With the audience seated in the room, Kenmochi began his presentation by introducing himself, saying he had just flown in from Japan after giving a concert the previous day. His panel was originally scheduled for Saturday, but it had to be moved to Sunday for this reason. With his brief introduction done, he then gave an overview of VOCALOID; it’s a concatenation-based singing synthesizer developed by YAMAHA in order to create intelligible, smooth and natural voices with an easy-to-use environment. Development had started in March of 2000 and the first prototype was shown at Musikmesse 2003 in Frankfurt. The first VOCALOID products came out in 2004, followed by VOCALOID2 in 2007 and VOCALOID3 in 2011. Prior to VOCALOID3, YAMAHA only licensed its software out to third-party developers. However, with VOCALOID3, YAMAHA started handling the release of the newly updated VOCALOID3 Editor, while third-party developers handled the sound banks.
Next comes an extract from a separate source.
(* Let $n\ge1$, $\pi\in\Pi_n$, and let $j$ be a closer or a transient of $\pi$. Then $$\mathrm{al}(\varphi(\pi);j)=\mathrm{al}(\pi;j),\qquad \mathrm{cr}(\varphi(\pi);j)=\mathrm{ne}(\pi;j),\qquad \mathrm{ne}(\varphi(\pi);j)=\mathrm{cr}(\pi;j),$$ where $\varphi:\Pi_n\to\Pi_n$ is the map described below. Construction of $\varphi(\pi)$: start with $V'=\emptyset$ and an empty edge set $E'$. For $i=1,\dots,n$: if $i$ is an opener of $\pi$, add $i$ to $V'$; if $i$ is a singleton of $\pi$, do nothing; if $i$ is a closer or transient of $\pi$, let $x$ be the $\gamma_i(\pi)$-th largest element of $V'$, add the edge $(x,i)$ to $E'$, remove $x$ from $V'$, and if $i$ is a transient of $\pi$ add $i$ to $V'$. Then $\varphi(\pi)$ is the partition of $[n]$ whose edge set is $E'$.
   Context: A partition of $[n]=\{1,\dots,n\}$ is a set of pairwise disjoint nonempty subsets (blocks) whose union is $[n]$; $\Pi_n$ is the set of partitions of $[n]$. The edges of $\pi$ are the pairs $(i,j)$, $i<j$, with $i,j$ consecutive elements of the same block; $i$ is the left-hand and $j$ the right-hand endpoint. For a block $B$ with $|B|\ge2$, its minimum is an opener, its maximum a closer, its other elements transients; the element of a one-element block is a singleton. Two edges $e_1=(i_1,j_1)$, $e_2=(i_2,j_2)$ form a crossing with $e_1$ as initial edge if $i_1<i_2<j_1<j_2$; a nesting with $e_2$ as interior edge if $i_1<i_2<j_2<j_1$; an alignment with $e_1$ as initial edge if $i_1<j_1\le i_2<j_2$. For a closer or transient $j$ of $\pi$, $\mathrm{cr}(\pi;j)$ (resp. $\mathrm{ne}(\pi;j)$, $\mathrm{al}(\pi;j)$) is the number of crossings whose initial edge (resp. nestings whose interior edge, alignments whose initial edge) has $j$ as right-hand endpoint. For $i\in[n]$, the vacant vertices of $\pi$ before $i$ are the elements $x\le i-1$ that are the left endpoint of an edge $(x,y)$ of $\pi$ with $y\ge i$. For $i$ a closer or transient with edge $(j,i)$, $j<i$, $\gamma_i(\pi)$ is the rank of $j$ among the vacant vertices before $i$ in increasing order. (The construction of $\varphi$ is well defined and $\varphi(\pi)$ has the same closers and transients as $\pi$.) *)

theory Defs
  imports Main "HOL-Library.Disjoint_Sets"
begin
A Tiny VOCALOID3 Editor was included with the sound banks in order for users to test the voices, since a standalone sound bank couldn’t generate sound.
Kenmochi then moved on to describing how the engine worked. The main basis of the engine is the concatenation of recorded syllables into new vocal lines. The sound bank consists of diphones and sustained vowels, totaling around 500 samples for Japanese and 2500 for English. With simple concatenation, the singing isn’t very smooth. It was, “in a sense, interesting” according to Kenmochi. Timbre smoothing is performed in the frequency domain in order to smooth out transitions between samples. Another issue is that the start of samples do not coincide with the start of notes; for example, the “sa” sound spends a lot of time on the “s” sound, but the start of a note sung with the syllable “sa” would be more aligned with the beginning of the “a” sound. Hence, timing of samples would have to be shifted in order for the sung notes to be in rhythm with the song.
Next on the presentation was a description of how a sound bank is created. The person voice the sound bank first sings through a specialized script, which sounds a bit like Buddhist chanting according to Kenmochi. Japanese and English scripts both sound similar, although the latter is much more complicated. Apparently, once they invited an American singer to record for VOCALOID, and he was happy and enthusiastic at first. However, as recording progressed, he gradually got angrier and angrier and eventually escaped. The recording process for Japanese takes roughly two to three hours, whereas for English it takes roughly four to five. Once recording is done, the recording undergoes phonetic segmentation (breakdown into phonemes), diphone segmentation (group into pairs of adjacent phonemes), pitch detection and spectral envelope processing. This whole portion of the process takes roughly three months. After this is done, the sound bank library is then packaged into a product, ready to be sold.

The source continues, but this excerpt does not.